Porém, como nem tudo são flores, Tate vai fazer faculdade em outro estado e, mesmo prometendo, não volta mais. A vida de Kya, como puderam perceber, é cercada de abandonos e muito drama. Ainda que o estilo de narrativa Delia Owens não tenha sido usado para despertar pena da protagonista, é impossível não sentir, no mínimo, empatia. Quando Tate vai embora, é a vez de Chase Andrews se aproximar da garota, que estava sensível e vulnerável. Ela viu em Chase um porto seguro, alguém em quem ancorar. Mas é óbvio que não se podia esperar muita coisa do garoto mais cobiçado da cidade, não é mesmo?

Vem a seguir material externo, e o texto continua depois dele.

lemma card_enc_mod_fiber:
  fixes enc :: "'a::field \<Rightarrow> nat"
  assumes "gf_enc d enc" "c \<le> d"
  shows "card {v. enc v mod 2^c = r} \<le> 2^(d-c)"
proof -
  have "inj_on (\<lambda>v. enc v div 2^c) {v. enc v mod 2^c = r}"
  proof (rule inj_onI)
    fix x y assume "x \<in> {v. enc v mod 2^c = r}" "y \<in> {v. enc v mod 2^c = r}"
      and "enc x div 2^c = enc y div 2^c"
    then have "enc x div 2^c * 2^c + enc x mod 2^c = enc y div 2^c * 2^c + enc y mod 2^c"
      by simp
    then have "enc x = enc y" by (simp only: div_mult_mod_eq)
    then show "x = y" using gf_enc_inj[OF assms(1)] by (simp add: inj_eq)
  qed
  moreover have "(\<lambda>v. enc v div 2^c) ` {v. enc v mod 2^c = r} \<subseteq> {..<2^(d-c)}"
  proof (rule image_subsetI)
    fix v
    have "enc v < 2^(d-c) * 2^c" using gf_enc_less[OF assms(1)] assms(2)
      by (simp flip: power_add)
    then show "enc v div 2^c \<in> {..<2^(d-c)}" by (simp add: less_mult_imp_div_less)
  qed
  ultimately have "card {v. enc v mod 2^c = r} \<le> card {..<(2::nat)^(d-c)}"
    by (rule card_inj_on_le) simp
  then show ?thesis by simp
qed

lemma card_enc_mod_collisions:
  fixes enc :: "'a::field \<Rightarrow> nat"
  assumes "gf_enc d enc" "c \<le> d"
  shows "card (SIGMA u:UNIV. {v. enc v mod 2^c = enc u mod 2^c}) \<le> 2^d * 2^(d-c)"
proof -
  have fin: "finite (UNIV :: 'a set)" by (rule gf_enc_finite_UNIV[OF assms(1)])
  have "card (SIGMA u:UNIV. {v. enc v mod 2^c = enc u mod 2^c})
      = (\<Sum>u\<in>UNIV. card {v. enc v mod 2^c = enc u mod 2^c})"
    using fin by (intro card_SigmaI) (auto intro: finite_subset)
  also have "\<dots> \<le> (\<Sum>u\<in>(UNIV :: 'a set). 2^(d-c))"
    by (intro sum_mono card_enc_mod_fiber[OF assms])
  finally show ?thesis using gf_enc_card_UNIV[OF assms(1)] by simp
qed

lemma card_hashH_2_collision:
  fixes enc :: "'a::field \<Rightarrow> nat"
  assumes "gf_enc d enc" "c \<le> d" "x < 2^d" "y < 2^d" "x \<noteq> y"
  shows "card {a \<in> seeds 2. hashH enc c 2 a x = hashH enc c 2 a y} * 2^c
    \<le> card (seeds 2 :: (nat \<Rightarrow> 'a) set)"
proof -
  let ?T = "{a \<in> seeds 2. hashH enc c 2 a x = hashH enc c 2 a y}"
  let ?U = "SIGMA u:UNIV. {v. enc v mod 2^c = enc u mod 2^c}"
  let ?\<phi> = "\<lambda>a. (a 0 + a 1 * inv enc x, a 0 + a 1 * inv enc y)"
  have "inv enc x \<noteq> inv enc y" using assms(3-5) gf_enc_inv_eq[OF assms(1)] by metis
  then have "inj_on ?\<phi> ?T" by (rule inj_on_subset[OF inj_on_linear_values]) blast
  moreover have "?\<phi> ` ?T \<subseteq> ?U" by (auto simp: hashH_def poly_eval_2)
  moreover have "finite ?U"
    using gf_enc_finite_UNIV[OF assms(1)] by (intro finite_SigmaI) (auto intro: finite_subset)
  ultimately have "card ?T \<le> 2^d * 2^(d-c)"
    using card_inj_on_le card_enc_mod_collisions[OF assms(1,2)] le_trans by blast
  then have "card ?T * 2^c \<le> 2^d * 2^(d-c) * 2^c" by simp
  also have "\<dots> = card (seeds 2 :: (nat \<Rightarrow> 'a) set)"
    using assms(2) gf_enc_card_UNIV[OF assms(1)]
    by (simp add: card_seeds power2_eq_square mult.assoc flip: power_add)
  finally show ?thesis .
qed

lemma card_some_collision_le:
  assumes "finite R"
    and "\<And>x y. x \<in> R \<Longrightarrow> y \<in> R \<Longrightarrow> x \<noteq> y \<Longrightarrow> real (card {s \<in> S. h s x = h s y}) \<le> p"
    and "0 \<le> p"
  shows "real (card {s \<in> S. \<exists>x\<in>R. \<exists>y\<in>R. x \<noteq> y \<and> h s x = h s y}) \<le> real (card R)^2 * p"
proof -
  define I where "I = {q \<in> R \<times> R. fst q \<noteq> snd q}"
  define B where "B q = {s \<in> S. h s (fst q) = h s (snd q)}" for q
  have "finite I" unfolding I_def using assms(1) by simp
  have "{s \<in> S. \<exists>x\<in>R. \<exists>y\<in>R. x \<noteq> y \<and> h s x = h s y} = (\<Union>q\<in>I. B q)"
    unfolding I_def B_def by force
  then have "real (card {s \<in> S. \<exists>x\<in>R. \<exists>y\<in>R. x \<noteq> y \<and> h s x = h s y}) \<le> (\<Sum>q\<in>I. real (card (B q)))"
    using card_UN_le[OF \<open>finite I\<close>, of B] by (simp flip: of_nat_sum)
  also have "\<dots> \<le> (\<Sum>q\<in>I. p)"
    by (rule sum_mono) (auto simp: I_def B_def intro: assms(2))
  also have "\<dots> \<le> real (card R)^2 * p"
  proof -
    have "card I \<le> card (R \<times> R)" unfolding I_def using assms(1) by (intro card_mono) auto
    then have "real (card I) \<le> real (card R)^2"
      by (simp add: card_cartesian_product power2_eq_square flip: of_nat_mult)
    then show ?thesis using assms(3) by (simp add: mult_right_mono)
  qed
  finally show ?thesis .
qed

lemma card_hashH_2_some_collision:
  fixes enc :: "'a::field \<Rightarrow> nat"
  assumes "gf_enc d enc" "c \<le> d" "finite R" "R \<subseteq> {..<2^d}"
  shows "real (card {a \<in> seeds 2. \<exists>x\<in>R. \<exists>y\<in>R. x \<noteq> y \<and> hashH enc c 2 a x = hashH enc c 2 a y})
    \<le> real (card R)^2 * (real (card (seeds 2 :: (nat \<Rightarrow> 'a) set)) / 2^c)"
proof (rule card_some_collision_le[where h = "hashH enc c 2", OF assms(3)])
  show "0 \<le> real (card (seeds 2 :: (nat \<Rightarrow> 'a) set)) / 2^c" by simp
next
  fix x y assume "x \<in> R" "y \<in> R" "x \<noteq> y"
  with assms(4) have "card {a \<in> seeds 2. hashH enc c 2 a x = hashH enc c 2 a y} * 2^c
      \<le> card (seeds 2 :: (nat \<Rightarrow> 'a) set)"
    by (intro card_hashH_2_collision[OF assms(1,2)]) auto
  then have "real (card {a \<in> seeds 2. hashH enc c 2 a x = hashH enc c 2 a y} * 2^c)
      \<le> real (card (seeds 2 :: (nat \<Rightarrow> 'a) set))"
    by (rule of_nat_mono)
  then show "real (card {a \<in> seeds 2. hashH enc c 2 a x = hashH enc c 2 a y})
      \<le> real (card (seeds 2 :: (nat \<Rightarrow> 'a) set)) / 2^c"
    by (simp add: le_divide_eq)
qed

lemma card_R_of_le:
  assumes "E1 b A f" "E2 \<epsilon> b A f" "0 \<le> \<epsilon>" "\<epsilon> \<le> 1"
  shows "real (card (R_of b A f)) \<le> 2/3 * real b"
proof -
  let ?m = "2 powr (- s_of b A f) * real (card A)"
  have "?m \<le> 2 powr (- t_of b A f) * real (card A)"
    unfolding s_of_def by (intro mult_right_mono) auto
  also have "\<dots> \<le> real b / 2"
    using assms(1) unfolding E1_def by (simp add: powr_minus_divide)
  finally have m: "?m \<le> real b / 2" .
  have "real (card (R_of b A f)) \<le> (1 + \<epsilon>/3) * ?m"
    using abs_le_D1[OF assms(2)[unfolded E2_def]] by (simp add: algebra_simps)
  also have "\<dots> \<le> 4/3 * (real b / 2)"
    using m assms(3,4) by (intro mult_mono) auto
  finally show ?thesis by simp
qed

lemma prob_product_le:
  assumes "finite S1" "finite S2" "finite S3" "S1 \<noteq> {}" "S2 \<noteq> {}" "S3 \<noteq> {}"
    and "\<And>a1. a1 \<in> S1 \<Longrightarrow> P a1 \<Longrightarrow> real (card {a2 \<in> S2. Q a1 a2}) \<le> p * real (card S2)"
    and "0 \<le> p"
  shows "measure_pmf.prob (pmf_of_set (S1 \<times> S2 \<times> S3)) {(a1, a2, a3). P a1 \<and> Q a1 a2} \<le> p"
proof -
  let ?S = "S1 \<times> S2 \<times> S3"
  have "?S \<inter> {(a1, a2, a3). P a1 \<and> Q a1 a2} = (SIGMA a1:{a1 \<in> S1. P a1}. {a2 \<in> S2. Q a1 a2} \<times> S3)"
    by auto
  then have "real (card (?S \<inter> {(a1, a2, a3). P a1 \<and> Q a1 a2}))
      = (\<Sum>a1\<in>{a1 \<in> S1. P a1}. real (card {a2 \<in> S2. Q a1 a2}) * real (card S3))"
    using assms(1-3) by (simp add: card_cartesian_product)
  also have "\<dots> \<le> (\<Sum>a1\<in>{a1 \<in> S1. P a1}. p * real (card S2) * real (card S3))"
    using assms(7) by (intro sum_mono mult_right_mono) auto
  also have "\<dots> \<le> real (card S1) * (p * real (card S2) * real (card S3))"
    using assms(1,8) by (simp add: card_mono mult_right_mono)
  also have "\<dots> = p * real (card ?S)" by (simp add: card_cartesian_product)
  finally show ?thesis
    using assms(1-6) by (simp add: measure_pmf_of_set divide_le_eq card_gt_0_iff)
qed

lemma card_not_E3_le:
  fixes enc :: "'a::field \<Rightarrow> nat"
  assumes "gf_enc d enc" "c \<le> d" "32 * b^2 \<le> 2^c" "A \<subseteq> {..<2^d}"
    and "E1 b A f" "E2 \<epsilon> b A f" "0 \<le> \<epsilon>" "\<epsilon> \<le> 1"
  shows "real (card {a \<in> seeds 2. \<not> E3 b A f (hashH enc c 2 a)})
    \<le> real (card (seeds 2 :: (nat \<Rightarrow> 'a) set)) / 72"
proof -
  let ?N = "real (card (seeds 2 :: (nat \<Rightarrow> 'a) set))"
  have R: "finite (R_of b A f)" "R_of b A f \<subseteq> {..<2^d}"
    using assms(4) by (auto simp: R_of_def intro: finite_subset)
  have "real (card {a \<in> seeds 2. \<not> E3 b A f (hashH enc c 2 a)}) \<le> real (card (R_of b A f))^2 * (?N / 2^c)"
    using card_hashH_2_some_collision[OF assms(1,2) R] by (simp add: E3_def)
  also have "\<dots> \<le> (2/3 * real b)^2 * (?N / 2^c)"
    using card_R_of_le[OF assms(5-8)] by (intro mult_right_mono power_mono) auto
  also have "\<dots> = ((2/3 * real b)^2 * 72 / 2^c) * (?N / 72)"
    by (simp add: field_simps)
  also have "\<dots> \<le> 1 * (?N / 72)"
  proof (rule mult_right_mono)
    have "real (32 * b^2) \<le> real (2^c)" using assms(3) by (rule of_nat_mono)
    then show "(2/3 * real b)^2 * 72 / 2^c \<le> 1" by (simp add: power2_eq_square)
  qed simp
  finally show ?thesis by simp
qed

E aí que vem o ponto principal da história, que não é spoiler, não se preocupem: Chase Andrews é simplesmente encontrado morto em uma manhã de outubro de 1969 e, é claro, todas as pistas — ou falta delas — levam à Kya. Justamente por isso o estilo de narrativa, mesclando passado e presente, de forma que consigamos chegar em alguma conclusão a partir das informações que nos são dadas. Apesar desse mistério no enredo, o foco do livro está em contar a vida de Kya, e foi por isso que eu gostei tanto dele. A morte de Chase só começa a aparecer da segunda metade para o final, quando toda a colcha de retalhos da história da protagonista foi costurada.
Ai gente, simplesmente não tenho palavras para Kya, seu amadurecimento, a construção inteirinha dela. É simplesmente impressionante. Tudo aqui é impressionante e intenso. A forma como autora trabalha inclusive com o brejo, que acredito se encaixar aqui como um personagem, é de cair o queixo. A única conclusão que eu consegui chegar é que, de verdade, não sei exatamente como me expressar em relação a Um Lugar Bem Longe Daqui. Talvez não seja o tipo de literatura que agrade a todos, mas me agradou e muito. Acho que merece demais todo esse hype em torno dele.
O mistério em si não é muito impressionante ou difícil de ser descoberto. O que impacta, na realidade, é a forma como é descoberto, quem descobre, como descobre. Acho que foi esse o motivo de eu ter ficado tão reflexiva, porque eu já sabia quem era o assassino desde o início, mas ainda assim a autora conseguiu me arrebatar, me surpreender. Engraçado é que, depois, quando parei para pensar, me dei conta de que é esse tipo de coisa que torna um livro, de fato, muito, muito bom.